» Work item
Find the line containing "then obtain x" in the listing below. Repeat it exactly, along with each following line up to and including the one containing "then obtain z0".

» Data in this exercise
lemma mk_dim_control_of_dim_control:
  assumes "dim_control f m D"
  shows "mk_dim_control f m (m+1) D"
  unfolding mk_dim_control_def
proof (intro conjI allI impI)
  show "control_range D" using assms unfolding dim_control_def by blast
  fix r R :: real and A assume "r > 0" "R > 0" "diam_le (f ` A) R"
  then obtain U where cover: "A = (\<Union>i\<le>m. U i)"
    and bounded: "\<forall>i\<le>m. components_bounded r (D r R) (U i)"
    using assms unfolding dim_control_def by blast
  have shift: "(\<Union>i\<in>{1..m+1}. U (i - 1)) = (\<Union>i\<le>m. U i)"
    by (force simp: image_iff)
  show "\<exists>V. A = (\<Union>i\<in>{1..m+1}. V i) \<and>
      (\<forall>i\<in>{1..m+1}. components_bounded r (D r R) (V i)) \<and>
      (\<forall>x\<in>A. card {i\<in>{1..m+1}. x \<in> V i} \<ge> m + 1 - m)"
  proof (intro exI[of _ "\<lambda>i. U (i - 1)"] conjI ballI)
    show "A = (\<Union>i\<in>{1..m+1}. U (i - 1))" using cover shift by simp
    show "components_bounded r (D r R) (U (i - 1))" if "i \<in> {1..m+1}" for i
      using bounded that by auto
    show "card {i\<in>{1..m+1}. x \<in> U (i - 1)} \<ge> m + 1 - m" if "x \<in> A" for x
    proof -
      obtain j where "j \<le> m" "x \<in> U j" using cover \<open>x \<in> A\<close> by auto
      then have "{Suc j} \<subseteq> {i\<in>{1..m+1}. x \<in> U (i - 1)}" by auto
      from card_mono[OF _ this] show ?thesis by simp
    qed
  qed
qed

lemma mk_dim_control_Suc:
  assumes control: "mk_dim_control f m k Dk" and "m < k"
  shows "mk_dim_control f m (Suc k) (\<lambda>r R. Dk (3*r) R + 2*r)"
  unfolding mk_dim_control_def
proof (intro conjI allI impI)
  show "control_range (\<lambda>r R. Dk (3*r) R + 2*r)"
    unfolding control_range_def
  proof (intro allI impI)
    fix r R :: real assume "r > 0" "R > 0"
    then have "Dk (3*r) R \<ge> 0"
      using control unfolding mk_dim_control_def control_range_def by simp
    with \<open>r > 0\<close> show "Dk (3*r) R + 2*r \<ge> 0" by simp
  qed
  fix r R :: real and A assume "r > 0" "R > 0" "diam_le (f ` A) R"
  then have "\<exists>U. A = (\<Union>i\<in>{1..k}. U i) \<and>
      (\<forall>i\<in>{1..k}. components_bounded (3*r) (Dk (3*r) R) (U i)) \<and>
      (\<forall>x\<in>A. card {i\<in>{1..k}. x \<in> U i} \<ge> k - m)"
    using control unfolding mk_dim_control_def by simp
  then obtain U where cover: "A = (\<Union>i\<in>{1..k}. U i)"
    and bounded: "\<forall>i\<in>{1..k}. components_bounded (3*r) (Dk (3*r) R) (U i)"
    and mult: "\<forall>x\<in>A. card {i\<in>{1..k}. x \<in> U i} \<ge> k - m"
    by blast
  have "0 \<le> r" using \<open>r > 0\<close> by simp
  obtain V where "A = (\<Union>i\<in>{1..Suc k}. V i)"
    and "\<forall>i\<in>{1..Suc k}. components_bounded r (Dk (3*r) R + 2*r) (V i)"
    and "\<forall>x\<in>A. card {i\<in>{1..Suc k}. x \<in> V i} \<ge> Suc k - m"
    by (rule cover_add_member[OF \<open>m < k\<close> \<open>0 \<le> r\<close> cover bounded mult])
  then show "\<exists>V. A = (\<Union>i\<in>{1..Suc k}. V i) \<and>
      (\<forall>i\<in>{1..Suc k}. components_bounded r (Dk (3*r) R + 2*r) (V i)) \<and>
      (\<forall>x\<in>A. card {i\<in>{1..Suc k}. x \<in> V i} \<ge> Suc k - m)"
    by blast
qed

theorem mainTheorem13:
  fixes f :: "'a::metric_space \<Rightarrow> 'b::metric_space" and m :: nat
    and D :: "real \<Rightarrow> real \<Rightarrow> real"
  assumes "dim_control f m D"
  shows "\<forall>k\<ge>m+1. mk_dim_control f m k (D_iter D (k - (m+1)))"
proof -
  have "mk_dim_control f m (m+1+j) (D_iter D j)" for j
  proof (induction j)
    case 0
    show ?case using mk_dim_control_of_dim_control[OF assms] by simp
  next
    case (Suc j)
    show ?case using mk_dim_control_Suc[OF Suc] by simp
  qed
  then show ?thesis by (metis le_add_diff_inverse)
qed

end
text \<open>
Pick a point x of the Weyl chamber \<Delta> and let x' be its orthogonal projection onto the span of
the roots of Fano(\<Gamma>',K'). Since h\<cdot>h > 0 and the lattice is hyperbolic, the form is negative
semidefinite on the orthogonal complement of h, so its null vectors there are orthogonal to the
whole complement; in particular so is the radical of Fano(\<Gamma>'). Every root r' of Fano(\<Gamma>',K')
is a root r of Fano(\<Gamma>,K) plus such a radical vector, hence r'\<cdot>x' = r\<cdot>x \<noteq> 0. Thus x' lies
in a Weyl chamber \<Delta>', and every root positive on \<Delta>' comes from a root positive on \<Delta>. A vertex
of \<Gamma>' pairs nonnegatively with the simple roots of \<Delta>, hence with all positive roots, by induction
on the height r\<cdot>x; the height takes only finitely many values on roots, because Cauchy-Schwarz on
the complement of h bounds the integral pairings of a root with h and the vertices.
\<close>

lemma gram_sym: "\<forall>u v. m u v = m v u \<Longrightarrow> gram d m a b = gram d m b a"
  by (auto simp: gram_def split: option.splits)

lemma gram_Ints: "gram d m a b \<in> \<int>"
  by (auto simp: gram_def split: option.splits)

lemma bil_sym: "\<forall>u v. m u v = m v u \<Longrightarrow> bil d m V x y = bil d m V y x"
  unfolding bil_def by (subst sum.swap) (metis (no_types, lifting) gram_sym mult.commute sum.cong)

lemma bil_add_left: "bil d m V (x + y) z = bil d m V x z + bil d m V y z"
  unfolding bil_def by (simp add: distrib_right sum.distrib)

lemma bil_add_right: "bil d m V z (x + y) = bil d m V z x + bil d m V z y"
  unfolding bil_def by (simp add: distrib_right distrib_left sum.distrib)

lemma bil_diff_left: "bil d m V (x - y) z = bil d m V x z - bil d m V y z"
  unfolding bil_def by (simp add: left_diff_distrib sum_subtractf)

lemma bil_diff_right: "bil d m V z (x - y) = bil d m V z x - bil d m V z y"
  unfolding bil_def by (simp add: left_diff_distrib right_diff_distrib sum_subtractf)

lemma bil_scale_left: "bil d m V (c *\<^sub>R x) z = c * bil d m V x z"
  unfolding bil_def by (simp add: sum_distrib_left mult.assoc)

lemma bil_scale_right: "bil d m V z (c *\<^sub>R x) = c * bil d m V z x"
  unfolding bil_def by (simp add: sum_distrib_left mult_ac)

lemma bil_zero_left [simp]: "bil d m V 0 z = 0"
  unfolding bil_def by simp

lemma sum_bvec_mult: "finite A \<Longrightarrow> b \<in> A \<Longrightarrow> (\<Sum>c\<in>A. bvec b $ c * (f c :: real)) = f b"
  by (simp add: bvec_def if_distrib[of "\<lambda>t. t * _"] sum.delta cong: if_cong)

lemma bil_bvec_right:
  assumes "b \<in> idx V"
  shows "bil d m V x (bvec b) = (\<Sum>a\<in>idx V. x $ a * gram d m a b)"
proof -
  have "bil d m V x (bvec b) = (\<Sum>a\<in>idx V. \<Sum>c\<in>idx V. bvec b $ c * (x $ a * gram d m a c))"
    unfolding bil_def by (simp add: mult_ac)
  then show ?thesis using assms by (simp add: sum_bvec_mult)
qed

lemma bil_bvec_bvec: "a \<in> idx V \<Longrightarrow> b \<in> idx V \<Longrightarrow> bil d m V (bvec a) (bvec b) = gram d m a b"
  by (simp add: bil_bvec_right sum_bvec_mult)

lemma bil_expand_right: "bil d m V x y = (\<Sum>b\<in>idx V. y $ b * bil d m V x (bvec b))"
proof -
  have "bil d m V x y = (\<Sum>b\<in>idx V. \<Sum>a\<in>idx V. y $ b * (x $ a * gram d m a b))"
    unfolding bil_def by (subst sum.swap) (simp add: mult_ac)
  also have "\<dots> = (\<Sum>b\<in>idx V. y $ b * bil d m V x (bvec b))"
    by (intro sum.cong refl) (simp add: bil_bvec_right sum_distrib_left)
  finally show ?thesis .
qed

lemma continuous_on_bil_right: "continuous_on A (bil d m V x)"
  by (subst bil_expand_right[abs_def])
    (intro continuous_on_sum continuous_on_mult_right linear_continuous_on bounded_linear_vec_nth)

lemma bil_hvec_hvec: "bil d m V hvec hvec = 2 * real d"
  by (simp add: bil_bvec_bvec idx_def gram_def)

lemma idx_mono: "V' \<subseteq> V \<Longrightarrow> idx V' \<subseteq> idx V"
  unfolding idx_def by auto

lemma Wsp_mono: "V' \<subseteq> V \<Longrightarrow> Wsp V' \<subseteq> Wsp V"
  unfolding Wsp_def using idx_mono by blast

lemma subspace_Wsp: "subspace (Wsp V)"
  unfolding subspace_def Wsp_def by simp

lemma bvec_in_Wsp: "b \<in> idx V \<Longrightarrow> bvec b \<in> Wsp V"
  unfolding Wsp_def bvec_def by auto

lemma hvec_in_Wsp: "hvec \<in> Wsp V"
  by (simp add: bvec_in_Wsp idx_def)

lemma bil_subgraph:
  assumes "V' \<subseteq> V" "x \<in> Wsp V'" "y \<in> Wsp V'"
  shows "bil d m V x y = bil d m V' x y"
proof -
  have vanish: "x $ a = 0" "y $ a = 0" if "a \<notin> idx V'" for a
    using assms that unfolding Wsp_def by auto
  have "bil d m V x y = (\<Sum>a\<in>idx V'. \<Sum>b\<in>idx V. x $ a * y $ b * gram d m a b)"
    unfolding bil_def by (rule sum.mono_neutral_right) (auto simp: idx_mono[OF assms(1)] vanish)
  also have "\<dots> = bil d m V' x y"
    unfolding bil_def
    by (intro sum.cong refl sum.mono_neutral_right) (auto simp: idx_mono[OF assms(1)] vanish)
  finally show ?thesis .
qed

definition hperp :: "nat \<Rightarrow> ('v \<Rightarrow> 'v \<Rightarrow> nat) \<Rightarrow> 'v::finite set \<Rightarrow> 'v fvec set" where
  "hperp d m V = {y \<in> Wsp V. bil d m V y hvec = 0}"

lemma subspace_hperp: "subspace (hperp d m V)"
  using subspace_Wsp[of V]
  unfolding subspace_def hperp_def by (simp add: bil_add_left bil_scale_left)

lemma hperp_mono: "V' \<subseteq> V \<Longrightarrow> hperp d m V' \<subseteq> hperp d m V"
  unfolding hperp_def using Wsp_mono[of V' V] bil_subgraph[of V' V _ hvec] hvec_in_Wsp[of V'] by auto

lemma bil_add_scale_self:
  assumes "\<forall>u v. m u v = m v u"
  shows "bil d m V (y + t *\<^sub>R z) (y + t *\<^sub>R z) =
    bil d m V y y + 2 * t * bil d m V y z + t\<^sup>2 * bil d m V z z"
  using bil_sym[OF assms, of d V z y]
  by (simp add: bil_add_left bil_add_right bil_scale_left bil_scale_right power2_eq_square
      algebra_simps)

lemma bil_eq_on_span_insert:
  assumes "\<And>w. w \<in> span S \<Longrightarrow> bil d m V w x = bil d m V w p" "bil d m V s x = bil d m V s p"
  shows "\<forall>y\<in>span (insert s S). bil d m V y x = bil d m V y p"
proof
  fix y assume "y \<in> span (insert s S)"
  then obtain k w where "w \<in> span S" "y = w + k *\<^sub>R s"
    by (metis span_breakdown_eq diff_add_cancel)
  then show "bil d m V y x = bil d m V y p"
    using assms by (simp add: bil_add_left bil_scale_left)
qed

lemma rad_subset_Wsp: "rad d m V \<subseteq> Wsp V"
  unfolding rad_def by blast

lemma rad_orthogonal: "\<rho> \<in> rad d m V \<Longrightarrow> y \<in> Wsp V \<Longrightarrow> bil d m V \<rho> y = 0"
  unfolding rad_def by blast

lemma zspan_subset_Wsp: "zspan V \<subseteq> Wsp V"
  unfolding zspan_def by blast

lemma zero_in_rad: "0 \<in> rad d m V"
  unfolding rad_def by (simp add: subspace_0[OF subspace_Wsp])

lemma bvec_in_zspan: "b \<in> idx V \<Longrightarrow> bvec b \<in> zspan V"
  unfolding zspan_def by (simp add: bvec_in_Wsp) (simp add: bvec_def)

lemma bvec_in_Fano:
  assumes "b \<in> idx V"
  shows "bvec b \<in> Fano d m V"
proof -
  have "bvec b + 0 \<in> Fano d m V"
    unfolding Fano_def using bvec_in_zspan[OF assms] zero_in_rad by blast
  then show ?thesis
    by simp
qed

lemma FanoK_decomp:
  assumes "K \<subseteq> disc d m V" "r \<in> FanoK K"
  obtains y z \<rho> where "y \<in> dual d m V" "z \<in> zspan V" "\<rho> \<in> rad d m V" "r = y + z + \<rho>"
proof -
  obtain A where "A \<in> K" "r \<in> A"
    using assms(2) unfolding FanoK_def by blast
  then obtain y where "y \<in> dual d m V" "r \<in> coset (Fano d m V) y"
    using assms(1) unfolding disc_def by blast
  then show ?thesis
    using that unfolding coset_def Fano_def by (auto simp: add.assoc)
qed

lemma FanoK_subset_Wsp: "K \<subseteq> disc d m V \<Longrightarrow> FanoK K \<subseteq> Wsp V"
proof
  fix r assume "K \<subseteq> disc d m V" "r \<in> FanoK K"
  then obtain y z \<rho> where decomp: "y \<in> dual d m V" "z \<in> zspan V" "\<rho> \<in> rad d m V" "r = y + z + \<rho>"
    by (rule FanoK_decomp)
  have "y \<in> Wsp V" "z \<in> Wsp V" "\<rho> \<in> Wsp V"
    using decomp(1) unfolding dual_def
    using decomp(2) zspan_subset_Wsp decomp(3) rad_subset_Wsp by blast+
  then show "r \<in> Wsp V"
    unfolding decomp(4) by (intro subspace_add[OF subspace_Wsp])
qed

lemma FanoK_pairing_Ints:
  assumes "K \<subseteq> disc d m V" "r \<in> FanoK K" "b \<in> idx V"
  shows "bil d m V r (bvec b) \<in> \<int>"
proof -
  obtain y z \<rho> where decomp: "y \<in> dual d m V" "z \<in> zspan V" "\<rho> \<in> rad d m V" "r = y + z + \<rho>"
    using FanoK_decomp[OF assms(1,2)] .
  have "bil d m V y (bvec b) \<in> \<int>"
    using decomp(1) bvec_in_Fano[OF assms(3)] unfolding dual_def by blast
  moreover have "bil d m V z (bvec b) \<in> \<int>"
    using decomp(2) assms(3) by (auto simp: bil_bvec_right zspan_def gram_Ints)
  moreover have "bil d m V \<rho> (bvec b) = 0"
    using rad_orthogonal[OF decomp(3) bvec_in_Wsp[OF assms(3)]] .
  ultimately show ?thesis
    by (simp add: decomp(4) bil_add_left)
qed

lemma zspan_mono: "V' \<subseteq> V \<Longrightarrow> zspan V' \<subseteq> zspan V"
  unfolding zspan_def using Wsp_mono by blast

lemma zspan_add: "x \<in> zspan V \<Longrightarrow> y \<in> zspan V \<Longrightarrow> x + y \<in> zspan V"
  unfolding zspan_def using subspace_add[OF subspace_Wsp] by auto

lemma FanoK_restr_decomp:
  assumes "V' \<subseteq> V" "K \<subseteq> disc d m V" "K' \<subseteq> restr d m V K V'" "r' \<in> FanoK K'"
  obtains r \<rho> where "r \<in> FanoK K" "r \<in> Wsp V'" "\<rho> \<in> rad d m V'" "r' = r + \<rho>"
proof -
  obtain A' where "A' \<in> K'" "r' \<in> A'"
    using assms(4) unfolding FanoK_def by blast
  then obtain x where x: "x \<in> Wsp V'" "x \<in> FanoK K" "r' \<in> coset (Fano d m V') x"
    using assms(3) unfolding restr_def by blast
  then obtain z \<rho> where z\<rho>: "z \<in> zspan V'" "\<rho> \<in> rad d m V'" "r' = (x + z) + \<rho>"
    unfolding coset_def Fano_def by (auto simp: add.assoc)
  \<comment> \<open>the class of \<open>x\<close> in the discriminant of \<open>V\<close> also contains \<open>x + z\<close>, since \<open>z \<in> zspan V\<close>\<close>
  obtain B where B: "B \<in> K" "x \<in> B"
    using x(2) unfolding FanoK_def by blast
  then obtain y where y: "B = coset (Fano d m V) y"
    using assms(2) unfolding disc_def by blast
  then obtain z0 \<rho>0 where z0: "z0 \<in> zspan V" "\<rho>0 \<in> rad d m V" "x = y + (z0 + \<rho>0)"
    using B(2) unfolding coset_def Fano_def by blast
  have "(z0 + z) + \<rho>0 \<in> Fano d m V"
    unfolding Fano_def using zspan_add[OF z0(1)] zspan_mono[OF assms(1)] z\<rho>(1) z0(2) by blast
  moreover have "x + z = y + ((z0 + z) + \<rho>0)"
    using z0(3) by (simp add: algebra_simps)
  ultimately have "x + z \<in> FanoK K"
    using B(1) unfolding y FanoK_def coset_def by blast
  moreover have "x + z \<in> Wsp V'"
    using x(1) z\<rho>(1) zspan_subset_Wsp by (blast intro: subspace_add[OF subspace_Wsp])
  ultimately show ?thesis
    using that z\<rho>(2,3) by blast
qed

» Response area
  then obtain x where x: "x \<in> Wsp V'" "x \<in> FanoK K" "r' \<in> coset (Fano d m V') x"
    using assms(3) unfolding restr_def by blast
  then obtain z \<rho> where z\<rho>: "z \<in> zspan V'" "\<rho> \<in> rad d m V'" "r' = (x + z) + \<rho>"
    unfolding coset_def Fano_def by (auto simp: add.assoc)
  \<comment> \<open>the class of \<open>x\<close> in the discriminant of \<open>V\<close> also contains \<open>x + z\<close>, since \<open>z \<in> zspan V\<close>\<close>
  obtain B where B: "B \<in> K" "x \<in> B"
    using x(2) unfolding FanoK_def by blast
  then obtain y where y: "B = coset (Fano d m V) y"
    using assms(2) unfolding disc_def by blast
  then obtain z0 \<rho>0 where z0: "z0 \<in> zspan V" "\<rho>0 \<in> rad d m V" "x = y + (z0 + \<rho>0)"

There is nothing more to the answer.